Non-worker accounts (external consultants, integration service accounts) created in Security Console are not linked to person records, making them harder to surface in routine access audits.

Common complaints:

• Users frequently report that the dual-layer security model (job roles + data roles + security profiles) is complex to configure correctly, and that granting a job role without the correct data role results in the user seeing no data, which is difficult to diagnose.
• The 'Send Pending LDAP Requests' scheduled process must be run manually or on a schedule to propagate user account changes to the identity store; changes are not real-time, causing delays between HR actions and actual access changes.
• Automatic user provisioning rules are not intuitive to configure, and many customers report that terminated employees retain active accounts because provisioning rules were not set up to handle terminations.
• There is no built-in 'last login date' column in the standard user management UI; administrators must build custom OTBI reports to identify inactive accounts.
• License reconciliation is opaque; customers report difficulty determining exactly which employees are counted against their license and how to reduce headcount mid-term.
• Creating user accounts for non-worker users (e.g., external consultants, integration service accounts) requires using Security Console rather than the standard HR workflow, and these accounts are not linked to person records, making them harder to audit.
• Role inheritance and duty role hierarchies are difficult to audit; customers report that Oracle-delivered roles change between quarterly updates, sometimes adding or removing privileges unexpectedly.

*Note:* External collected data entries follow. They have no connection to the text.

(* Let $n=2$, $D_0>0$, $\alpha>\beta>0$, and $\gamma_1,\gamma_2\in(0,1)$. Assume the matrix $H$ with $H_{ii}=\gamma_i$ and $H_{12}=H_{21}=-(\beta/\alpha)(\gamma_1+\gamma_2)/2$ is positive definite. Let $p^a_1\ge p^a_2\ge0$, and put $$D_0'=D_0(\alpha+\beta)/\alpha,\qquad \alpha'=(\alpha^2-\beta^2)/\alpha.$$ In the two-CP ex post regulation game described below: - If $$p^a_1\ \ge\ \frac{2\alpha}{\beta}\,p^a_2+\frac{(2\alpha-\beta)D_0}{\beta(\alpha-\beta)},$$ then there exists a pure-strategy Nash equilibrium with $d_1>0$ and $d_2=0$, and every pure-strategy Nash equilibrium is of this kind. Every such equilibrium satisfies: - $p^s_1+p^c_1=\frac{D_0'-\alpha'p^a_1}{2\alpha'}$, with $p^s_1$ (or $p^c_1$) otherwise free; - $d_1=\frac{D_0'+\alpha'p^a_1}{2}$; - the net revenue per unit demand $p^s_1+p^c_1+p^a_1=\frac{D_0'+\alpha'p^a_1}{2\alpha'}$ is shared in proportions $\gamma_1$ and $1-\gamma_1$ by the ISP and CP 1. - If this inequality does not hold, there is no pure-strategy Nash equilibrium.
   Context: Two-CP model with one ISP. Prices $p^s_1,p^s_2$ are chosen by the ISP, and $p^c_i$ by CP $i$; write $p_i=p^s_i+p^c_i$. Demands $d_i(p_1,p_2)$ are defined piecewise: 1. If $p_1<(D_0+\beta p_2)/\alpha$ and $p_2<(D_0+\beta p_1)/\alpha$: $d_1=D_0-\alpha p_1+\beta p_2$ and $d_2=D_0-\alpha p_2+\beta p_1$. 2. If $p_1<D_0/(\alpha-\beta)$ and $p_2\ge(D_0+\beta p_1)/\alpha$: $d_1=D_0-\alpha p_1+\beta(D_0+\beta p_1)/\alpha$ and $d_2=0$. 3. The case symmetric to case 2, with indices $1,2$ swapped. 4. If $p_1\ge D_0/(\alpha-\beta)$ and $p_2\ge D_0/(\alpha-\beta)$: $d_1=d_2=0$. $p^a_i\ge0$ is CP $i$'s advertising revenue per unit demand. Ex post regulation: after prices are set, a regulator sets the payment $p^d_i$ from CP $i$ to the ISP so that the revenue per unit demand $p_i+p^a_i$ from CP $i$'s content is split as $\gamma_i(p_i+p^a_i)$ to the ISP and $(1-\gamma_i)(p_i+p^a_i)$ to CP $i$. The resulting payoffs are $$U_{ISP}=\gamma_1d_1(p_1+p^a_1)+\gamma_2d_2(p_2+p^a_2),\qquad U_{CP,i}=(1-\gamma_i)d_i(p_i+p^a_i).$$ The ISP chooses $(p^s_1,p^s_2)\in\mathbb{R}^2$ and each CP $i$ chooses $p^c_i\in\mathbb{R}$, all simultaneously. *)

theory Defs
  imports Complex_Main
begin

definition demand1 :: "real \<Rightarrow> real \<Rightarrow> real \<Rightarrow> real \<Rightarrow> real \<Rightarrow> real" where
  "demand1 D0 \<alpha> \<beta> p1 p2 =
     (if p1 < (D0 + \<beta> * p2) / \<alpha> \<and> p2 < (D0 + \<beta> * p1) / \<alpha>
        then D0 - \<alpha> * p1 + \<beta> * p2
      else if p1 < D0 / (\<alpha> - \<beta>) \<and> p2 \<ge> (D0 + \<beta> * p1) / \<alpha>
        then D0 - \<alpha> * p1 + \<beta> * (D0 + \<beta> * p1) / \<alpha>
      else if p2 < D0 / (\<alpha> - \<beta>) \<and> p1 \<ge> (D0 + \<beta> * p2) / \<alpha>
        then 0
      else 0)"

definition demand2 :: "real \<Rightarrow> real \<Rightarrow> real \<Rightarrow> real \<Rightarrow> real \<Rightarrow> real" where
  "demand2 D0 \<alpha> \<beta> p1 p2 =
     (if p1 < (D0 + \<beta> * p2) / \<alpha> \<and> p2 < (D0 + \<beta> * p1) / \<alpha>
        then D0 - \<alpha> * p2 + \<beta> * p1
      else if p1 < D0 / (\<alpha> - \<beta>) \<and> p2 \<ge> (D0 + \<beta> * p1) / \<alpha>
        then 0
      else if p2 < D0 / (\<alpha> - \<beta>) \<and> p1 \<ge> (D0 + \<beta> * p2) / \<alpha>
        then D0 - \<alpha> * p2 + \<beta> * (D0 + \<beta> * p2) / \<alpha>
      else 0)"

definition U_ISP :: "real \<Rightarrow> real \<Rightarrow> real \<Rightarrow> real \<Rightarrow> real \<Rightarrow> real \<Rightarrow> real
                     \<Rightarrow> real \<Rightarrow> real \<Rightarrow> real \<Rightarrow> real \<Rightarrow> real" where
  "U_ISP D0 \<alpha> \<beta> \<gamma>1 \<gamma>2 pa1 pa2 ps1 ps2 pc1 pc2 =
      \<gamma>1 * demand1 D0 \<alpha> \<beta> (ps1 + pc1) (ps2 + pc2) * (ps1 + pc1 + pa1)
    + \<gamma>2 * demand2 D0 \<alpha> \<beta> (ps1 + pc1) (ps2 + pc2) * (ps2 + pc2 + pa2)"

definition U_CP1 :: "real \<Rightarrow> real \<Rightarrow> real \<Rightarrow> real \<Rightarrow> real
                     \<Rightarrow> real \<Rightarrow> real \<Rightarrow> real \<Rightarrow> real \<Rightarrow> real" where
  "U_CP1 D0 \<alpha> \<beta> \<gamma>1 pa1 ps1 ps2 pc1 pc2 =
      (1 - \<gamma>1) * demand1 D0 \<alpha> \<beta> (ps1 + pc1) (ps2 + pc2) * (ps1 + pc1 + pa1)"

Oracle HCM is the right choice when it is already the system of record for workforce data and every app in the environment needs to reflect HR-authoritative identity. Its provisioning rules, when correctly configured, can automate account creation and deactivation across the employee lifecycle without manual intervention.

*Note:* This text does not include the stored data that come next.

(* Let $X$ be a regular totally Lindelöf space and $\mathcal{F}$ a filter base on $X$ stable under countable intersections. Then there is a compact set $K\subseteq X$ such that $\mathcal{F}\vee G_\delta(K):=\{F_0\cap F_1: F_0,F_1\in\mathcal{F}\cup G_\delta(K)\}$ is a total filter base stable under countable intersections that extends $\mathcal{F}$.
   Context: A filter base on $X$ is a nonempty $\mathcal{F}\subseteq\mathcal{P}(X)$ with $\emptyset\notin\mathcal{F}$ and closed under pairwise intersections; it is stable under countable intersections if for every countable $S\subseteq\mathcal{F}$ there is $H\in\mathcal{F}$ with $H\subseteq\bigcap S$. $G_\delta(K)=\{G\subseteq X: K\subseteq G,\ G\text{ is a countable intersection of open subsets of }X\}$. $ad(\mathcal{F})=\bigcap\{\overline{F}:F\in\mathcal{F}\}$; $\mathcal{F}$ is total if every filter base $\mathcal{H}\supseteq\mathcal{F}$ satisfies $ad(\mathcal{H})\neq\emptyset$. $X$ is totally Lindelöf if every filter base on $X$ stable under countable intersections is contained in a total filter base on $X$ stable under countable intersections. *)

theory Defs
  imports "HOL-Analysis.Analysis"
begin

definition filter_base :: "'a topology \<Rightarrow> 'a set set \<Rightarrow> bool" where
  "filter_base X \<F> \<longleftrightarrow> \<F> \<noteq> {} \<and> \<F> \<subseteq> Pow (topspace X) \<and> {} \<notin> \<F> \<and>
     (\<forall>A\<in>\<F>. \<forall>B\<in>\<F>. A \<inter> B \<in> \<F>)"

definition countably_stable :: "'a set set \<Rightarrow> bool" where
  "countably_stable \<F> \<longleftrightarrow> (\<forall>S. S \<subseteq> \<F> \<and> countable S \<longrightarrow> (\<exists>H\<in>\<F>. H \<subseteq> \<Inter>S))"

definition Gdelta_of :: "'a topology \<Rightarrow> 'a set \<Rightarrow> 'a set set" where
  "Gdelta_of X K = {G. K \<subseteq> G \<and>
     (\<exists>\<U>. countable \<U> \<and> (\<forall>U\<in>\<U>. openin X U) \<and> G = topspace X \<inter> \<Inter>\<U>)}"

definition adherence :: "'a topology \<Rightarrow> 'a set set \<Rightarrow> 'a set" where
  "adherence X \<F> = topspace X \<inter> \<Inter>{X closure_of F | F. F \<in> \<F>}"

definition total_fb :: "'a topology \<Rightarrow> 'a set set \<Rightarrow> bool" where
  "total_fb X \<F> \<longleftrightarrow> (\<forall>\<H>. filter_base X \<H> \<and> \<F> \<subseteq> \<H> \<longrightarrow> adherence X \<H> \<noteq> {})"

definition totally_lindelof :: "'a topology \<Rightarrow> bool" where
  "totally_lindelof X \<longleftrightarrow> (\<forall>\<F>. filter_base X \<F> \<and> countably_stable \<F> \<longrightarrow>
     (\<exists>\<H>. \<F> \<subseteq> \<H> \<and> filter_base X \<H> \<and> countably_stable \<H> \<and> total_fb X \<H>))"

definition fb_join :: "'a set set \<Rightarrow> 'a set set \<Rightarrow> 'a set set" where
  "fb_join \<F> \<G> = {A \<inter> B | A B. A \<in> \<F> \<union> \<G> \<and> B \<in> \<F> \<union> \<G>}"

end

theory Submission
  imports Defs
begin

text \<open>Extend \<open>\<F>\<close> to a total filter base \<open>H\<close> stable under countable intersections and let
  \<open>K\<close> be its adherence. By totality, every open cover of \<open>K\<close> has a finite subfamily whose union
  contains a member of \<open>H\<close>; with regularity this makes \<open>K\<close> compact, and with countable stability
  every \<open>G\<^sub>\<delta>\<close> set around \<open>K\<close> contains a member of \<open>H\<close>, so \<open>\<F>\<close> and \<open>G\<^sub>\<delta>(K)\<close> mesh.
  Totality of the join comes from compactness alone: any family containing all open
  neighbourhoods of a compact set is total.\<close>

lemma filter_base_finite_Inter:
  assumes "filter_base X H" "finite S" "S \<subseteq> H"
  shows "\<exists>h\<in>H. h \<subseteq> \<Inter>S"
  using assms(2,3)
proof (induction S rule: finite_induct)
  case empty
  then show ?case using assms(1) unfolding filter_base_def by auto
next
  case (insert A S)
  then obtain h where "h \<in> H" "h \<subseteq> \<Inter>S" by auto
  with insert.prems show ?case
    using assms(1) unfolding filter_base_def by (intro bexI[of _ "A \<inter> h"]) auto
qed

lemma adherence_antimono: "\<A> \<subseteq> \<B> \<Longrightarrow> adherence X \<B> \<subseteq> adherence X \<A>"
  unfolding adherence_def by blast

lemma total_fb_mono: "total_fb X \<A> \<Longrightarrow> \<A> \<subseteq> \<B> \<Longrightarrow> total_fb X \<B>"
  unfolding total_fb_def by blast

lemma filter_base_Int_nonempty:
  "filter_base X H \<Longrightarrow> A \<in> H \<Longrightarrow> B \<in> H \<Longrightarrow> A \<inter> B \<noteq> {}"
  unfolding filter_base_def by metis

lemma adherence_nonempty_total_fb: "filter_base X H \<Longrightarrow> total_fb X H \<Longrightarrow> adherence X H \<noteq> {}"
  unfolding total_fb_def by blast

lemma total_fb_finite_subcover:
  assumes fb: "filter_base X H" and tot: "total_fb X H"
    and opn: "\<And>V. V \<in> \<V> \<Longrightarrow> openin X V" and cover: "adherence X H \<subseteq> \<Union>\<V>"
  shows "\<exists>h\<in>H. \<exists>\<W>. finite \<W> \<and> \<W> \<subseteq> \<V> \<and> h \<subseteq> \<Union>\<W>"
proof (rule ccontr)
  assume none: "\<not> ?thesis"
  \<comment> \<open>then the traces of \<open>H\<close> off finite unions from \<open>\<V>\<close> form a filter base, whose
    adherence must avoid \<open>\<Union>\<V>\<close>\<close>
  define H' where "H' = {h - \<Union>\<W> | h \<W>. h \<in> H \<and> finite \<W> \<and> \<W> \<subseteq> \<V>}"
  have "H \<subseteq> H'"
    unfolding H'_def by (force intro: exI[of _ "{}"])
  have "filter_base X H'"
    unfolding filter_base_def
  proof (intro conjI ballI)
    show "H' \<noteq> {}" "H' \<subseteq> Pow (topspace X)"
      using fb \<open>H \<subseteq> H'\<close> unfolding H'_def filter_base_def by auto
    show "{} \<notin> H'"
      using none unfolding H'_def by auto
    fix A B assume "A \<in> H'" "B \<in> H'"
    then obtain h1 \<W>1 h2 \<W>2 where
      "A = h1 - \<Union>\<W>1" "h1 \<in> H" "finite \<W>1" "\<W>1 \<subseteq> \<V>"
      "B = h2 - \<Union>\<W>2" "h2 \<in> H" "finite \<W>2" "\<W>2 \<subseteq> \<V>"
      unfolding H'_def by blast
    moreover have "h1 \<inter> h2 \<in> H"
      using fb \<open>h1 \<in> H\<close> \<open>h2 \<in> H\<close> unfolding filter_base_def by blast
    ultimately show "A \<inter> B \<in> H'"
      unfolding H'_def by (intro CollectI exI[of _ "h1 \<inter> h2"] exI[of _ "\<W>1 \<union> \<W>2"]) auto
  qed
  then obtain x where x: "x \<in> adherence X H'"
    using tot \<open>H \<subseteq> H'\<close> unfolding total_fb_def by blast
  then obtain V where "V \<in> \<V>" "x \<in> V"
    using cover adherence_antimono[OF \<open>H \<subseteq> H'\<close>] by blast
  obtain h where "h \<in> H"
    using fb unfolding filter_base_def by auto
  then have "h - V \<in> H'"
    unfolding H'_def using \<open>V \<in> \<V>\<close> by (intro CollectI exI[of _ h] exI[of _ "{V}"]) auto
  then have "x \<in> X closure_of (h - V)"
    using x unfolding adherence_def by blast
  also have "\<dots> \<subseteq> X closure_of (topspace X - V)"
    by (rule closure_of_mono) (use \<open>h \<in> H\<close> fb in \<open>auto simp: filter_base_def\<close>)
  also have "\<dots> = topspace X - V"
    using opn[OF \<open>V \<in> \<V>\<close>] by (simp add: closure_of_closedin closedin_diff)
  finally show False
    using \<open>x \<in> V\<close> by blast
qed

lemma total_fb_open_superset:
  assumes "filter_base X H" "total_fb X H" "openin X U" "adherence X H \<subseteq> U"
  shows "\<exists>h\<in>H. h \<subseteq> U"
proof -
  obtain h \<W> where "h \<in> H" "\<W> \<subseteq> {U}" "h \<subseteq> \<Union>\<W>"
    using total_fb_finite_subcover[of X H "{U}"] assms by auto
  then show ?thesis by blast
qed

The tradeoffs are real: the security model requires sustained administrative expertise to maintain correctly, license reconciliation is opaque mid-term, and there is no real-time propagation of access changes without a connected identity provider handling SCIM sync.

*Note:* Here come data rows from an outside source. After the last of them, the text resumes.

text \<open>Multiplication by \<open>Y\<close> is obtained from \<open>L\<^sub>m\<close>, which multiplies by \<open>Y + aL m\<close>
  after the shift \<open>Y \<mapsto> Y - m\<close>; both the shift and \<open>aL m\<close> only contribute terms of lower
  \<open>Y\<close>-degree.\<close>

lemma submodule_tensor_mult_Y:
  assumes N: "tsubmodule N" and v: "v \<in> killed_above K"
    and low: "\<And>g. degree g \<le> n \<Longrightarrow> tensor scale g v \<in> N" and g: "degree g \<le> n"
  shows "tensor scale (polyY * g) v \<in> N"
proof -
  define m where "m = int K + 1"
  define h where "h = shiftY m g * [:aL m, 1:]"
  define \<Delta> where "\<Delta> = fwd_diff [:- of_int m:] g"
  have "gdeg (L m) > int K" by (simp add: m_def)
  from submodule_tensor_act_high[OF N v this low[OF g]]
  have "tensor scale (cst (lam powi m) * h) v \<in> N" by (simp only: A_L h_def mult.assoc)
  then have h: "tensor scale h v \<in> N"
    by (rule submodule_tensor_cst_cancel[OF N, rotated]) (simp add: lam_nonzero)
  have "shiftY m g = g + \<Delta>" "[:aL m, 1:] = [:aL m:] + polyY"
    by (simp_all add: \<Delta>_def fwd_diff_def shiftY_def polyY_def)
  then have "h - polyY * g = polyY * \<Delta> + shiftY m g * [:aL m:]"
    unfolding h_def by algebra
  moreover have "degree (polyY * \<Delta>) \<le> n"
  proof (cases "degree g = 0")
    case True
    then show ?thesis by (simp add: \<Delta>_def fwd_diff_degree_0)
  next
    case False
    then have "degree \<Delta> < degree g" by (simp add: \<Delta>_def degree_fwd_diff_less)
    then show ?thesis using g degree_pCons_le[of 0 \<Delta>] by (simp add: polyY_def)
  qed
  moreover have "degree (shiftY m g * [:aL m:]) \<le> n"
    using g degree_mult_le[of "shiftY m g" "[:aL m:]"] by simp
  ultimately have "degree (h - polyY * g) \<le> n"
    by (simp add: degree_add_le)
  then have "tensor scale h v - tensor scale (h - polyY * g) v \<in> N"
    using h low tsubmodule_diff[OF N] by blast
  then show ?thesis by (simp add: tensor_diff_left)
qed

lemma submodule_contains_tensors:
  assumes N: "tsubmodule N" and one: "tensor scale 1 v \<in> N"
  shows "tensor scale f v \<in> N"
proof -
  obtain K where v: "v \<in> killed_above K" using killed_above_exists[of "{v}"] by auto
  have "\<forall>f. degree f \<le> n \<longrightarrow> tensor scale f v \<in> N" for n
  proof (induction n)
    case 0
    show ?case
    proof (intro allI impI)
      fix f :: poly2 assume "degree f \<le> 0"
      then obtain p where "f = [:p:]" by (auto elim: degree_eq_zeroE)
      then show "tensor scale f v \<in> N" using submodule_tensor_Y_const[OF N v one] by simp
    qed
  next
    case (Suc n)
    show ?case
    proof (intro allI impI)
      fix f :: poly2 assume f: "degree f \<le> Suc n"
      obtain a g where fg: "f = pCons a g" by (cases f)
      then have "degree g \<le> n" using f by (cases "g = 0") auto
      then have "tensor scale (polyY * g) v \<in> N" using submodule_tensor_mult_Y[OF N v] Suc.IH by blast
      moreover have "tensor scale [:a:] v \<in> N" using submodule_tensor_Y_const[OF N v one] .
      moreover have "f = [:a:] + polyY * g" by (simp add: fg polyY_def)
      ultimately show "tensor scale f v \<in> N" using gsubmodule_add[OF N] by (simp only: tensor_add_left)
    qed
  qed
  then show ?thesis by blast
qed

lemma one_tensors_gsubmodule:
  assumes N: "tsubmodule N"
  shows "gsubmodule scale UNIV \<rho> {v. tensor scale 1 v \<in> N}"
  unfolding gsubmodule_def subspace_in_def
proof (intro conjI ballI allI subset_UNIV)
  show "0 \<in> {v. tensor scale 1 v \<in> N}" using gsubmodule_zero[OF N] by simp
  fix u v assume "u \<in> {v. tensor scale 1 v \<in> N}" "v \<in> {v. tensor scale 1 v \<in> N}"
  then show "u + v \<in> {v. tensor scale 1 v \<in> N}" using gsubmodule_add[OF N] by (simp add: tensor_add_right)
next
  fix c v assume "v \<in> {v. tensor scale 1 v \<in> N}"
  then show "scale c v \<in> {v. tensor scale 1 v \<in> N}" using gsubmodule_scale[OF N] by (simp add: tensor_scale_right)
next
  fix x v assume "v \<in> {v. tensor scale 1 v \<in> N}"
  then have v: "tensor scale 1 v \<in> N" by simp
  have "TA x (tensor scale 1 v) - tensor scale (A x 1) v \<in> N"
    using tsubmodule_diff[OF N gsubmodule_act[OF N v] submodule_contains_tensors[OF N v]] .
  then show "\<rho> x v \<in> {v. tensor scale 1 v \<in> N}" by (simp add: tens_act_tensor A_linear)
qed

lemma exists_nonzero_vector: "\<exists>v::'v. v \<noteq> 0"
  using irreducible by (auto simp: irreducible_gmod_def)

lemma submodule_eq_tcarrier:
  assumes N: "tsubmodule N" and sig: "sig = [:c:]" "c \<noteq> 0" and F: "F \<in> N" "F \<noteq> 0"
  shows "N = tcarrier"
proof -
  obtain v where v: "v \<noteq> 0" "tensor scale 1 v \<in> N"
    using submodule_contains_one_tensor[OF N sig F] by blast
  have "{v. tensor scale 1 v \<in> N} = UNIV"
    by (rule irreducible_gmod_submodule_eq[OF irreducible one_tensors_gsubmodule[OF N] _ v(1)])
      (simp add: v(2))
  then have all: "tensor scale f u \<in> N" for f u
    using submodule_contains_tensors[OF N] by auto
  have "G \<in> N" if "G \<in> tcarrier" for G
  proof -
    have "(\<Sum>k\<in>{k. G k \<noteq> 0}. tensor scale (xymonom k) (G k)) \<in> N"
      by (rule gsubmodule_sum[OF N]) (rule all)
    then show ?thesis by (simp only: tcarrier_eq_sum_tensors[OF that, symmetric])
  qed
  then show ?thesis using gsubmodule_subset[OF N] by auto
qed

lemma irreducible_if_const:
  assumes sig: "sig = [:c:]" "c \<noteq> 0"
  shows "irreducible_gmod (tscale scale) tcarrier TA"
proof -
  obtain v :: 'v where "v \<noteq> 0" using exists_nonzero_vector by blast
  then have "tensor scale 1 v \<noteq> 0" by simp
  then have "(tcarrier :: (nat \<times> nat \<Rightarrow> 'v) set) \<noteq> {0}" using tensor_in_tcarrier[of 1 v] by (metis singletonD)
  moreover have "N = {0} \<or> N = tcarrier" if N: "tsubmodule N" for N
  proof (cases "\<exists>F\<in>N. F \<noteq> 0")
    case True
    then show ?thesis using submodule_eq_tcarrier[OF N sig] by auto
  next
    case False
    then show ?thesis using gsubmodule_zero[OF N] by auto
  qed
  ultimately show ?thesis
    unfolding irreducible_gmod_iff using tens_act_gmodule[OF A_linear A_bracket] by blast
qed

lemma reducible_if_not_const:
  assumes not_const: "\<nexists>c. c \<noteq> 0 \<and> sig = [:c:]"
  shows "\<not> irreducible_gmod (tscale scale) tcarrier TA"
proof
  assume irr: "irreducible_gmod (tscale scale) tcarrier TA"
  let ?N = "tensor_left scale (\<lambda>f. [:sig:] * f) ` tcarrier"
  have N: "tsubmodule ?N"
    using A_sig_multiple by (intro image_tensor_left_gsubmodule A_linear poly2_linear_mult_left) blast
  obtain v :: 'v where v: "v \<noteq> 0" using exists_nonzero_vector by blast
  obtain z where "poly sig z = 0"
    using fundamental_theorem_of_algebra_alt[of sig] not_const by auto
  then have "tensor scale 1 v \<notin> ?N" using v by (rule tensor_one_notin_image_mult)
  moreover have "?N = tcarrier"
  proof (rule irreducible_gmod_submodule_eq[OF irr N])
    show "tensor scale [:sig:] v \<in> ?N"
    proof (rule image_eqI)
      show "tensor scale [:sig:] v = tensor_left scale (\<lambda>f. [:sig:] * f) (tensor scale 1 v)"
        using tensor_left_tensor[OF poly2_linear_mult_left, of "[:sig:]" 1 v] by simp
    qed (rule tensor_in_tcarrier)
    have "coeff sig (degree sig) \<noteq> 0" using sig_nonzero by simp
    then have "tensor scale [:sig:] v (degree sig, 0) \<noteq> 0" using v by (simp add: tensor_def xycoeff_def)
    then show "tensor scale [:sig:] v \<noteq> 0" by auto
  qed
  ultimately show False using tensor_in_tcarrier[of 1 v] by simp
qed

theorem irreducible_iff_const: "irreducible_gmod (tscale scale) tcarrier TA \<longleftrightarrow> (\<exists>c. c \<noteq> 0 \<and> sig = [:c:])"
  using irreducible_if_const reducible_if_not_const by blast

end

theorem theorem4p1:
  fixes s :: "complex \<Rightarrow> 'v::ab_group_add \<Rightarrow> 'v"
    and \<rho> :: "gbasis \<Rightarrow> 'v \<Rightarrow> 'v"
    and lam eta :: complex
    and sig :: "complex poly"
  assumes "vector_space s"
    and "lam \<noteq> 0"
    and "sig \<noteq> 0"
    and "irreducible_gmod s UNIV \<rho>"
    and "restricted_gmod UNIV \<rho>"
  shows "(irreducible_gmod (tscale s) tcarrier (tens_act s (omegaI lam eta sig) \<rho>)
            \<longleftrightarrow> (\<exists>c. c \<noteq> 0 \<and> sig = [:c:]))
       \<and> (irreducible_gmod (tscale s) tcarrier (tens_act s (omegaJ lam eta sig) \<rho>)
            \<longleftrightarrow> (\<exists>c. c \<noteq> 0 \<and> sig = [:c:]))"
proof -
  have R: "gmodule s \<rho>"
    using assms(1,4) by (simp add: gmodule_def gmodule_axioms_def cvector_space_def irreducible_gmod_def)
  have OI: "omega_tensor s \<rho> (omegaI lam eta sig) lam sig (-1) I (\<lambda>m. [:of_int m * eta, - of_int m:])"
    by (intro omega_tensor.intro R omega_tensor_axioms.intro poly2_linear_omegaI omegaI_bracket
        omegaI_sig_multiple) (simp_all add: assms)
  have OJ: "omega_tensor s \<rho> (omegaJ lam eta sig) lam sig 1 J (\<lambda>m. [:of_int m * eta, of_int m:])"
    by (intro omega_tensor.intro R omega_tensor_axioms.intro poly2_linear_omegaJ omegaJ_bracket
        omegaJ_sig_multiple) (simp_all add: assms)
  show ?thesis
    using omega_tensor.irreducible_iff_const[OF OI] omega_tensor.irreducible_iff_const[OF OJ] by simp
qed

end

Teams without a dedicated HCM security administrator or an IdP integration in place will find manual access management error-prone at scale.

Bottom line

Oracle HCM delivers a comprehensive, HR-authoritative identity foundation when its provisioning rules and dual-layer security model are configured correctly - but that configuration is non-trivial and does not self-maintain.

Every app downstream of Oracle HCM depends on those provisioning rules firing accurately and on the scheduled sync processes running on time; gaps in either produce access that lags reality.

Organizations already committed to the Oracle ecosystem and willing to invest in ongoing security administration will get the most from it; those without that capacity should plan explicitly for the operational overhead before relying on it as a sole access control layer.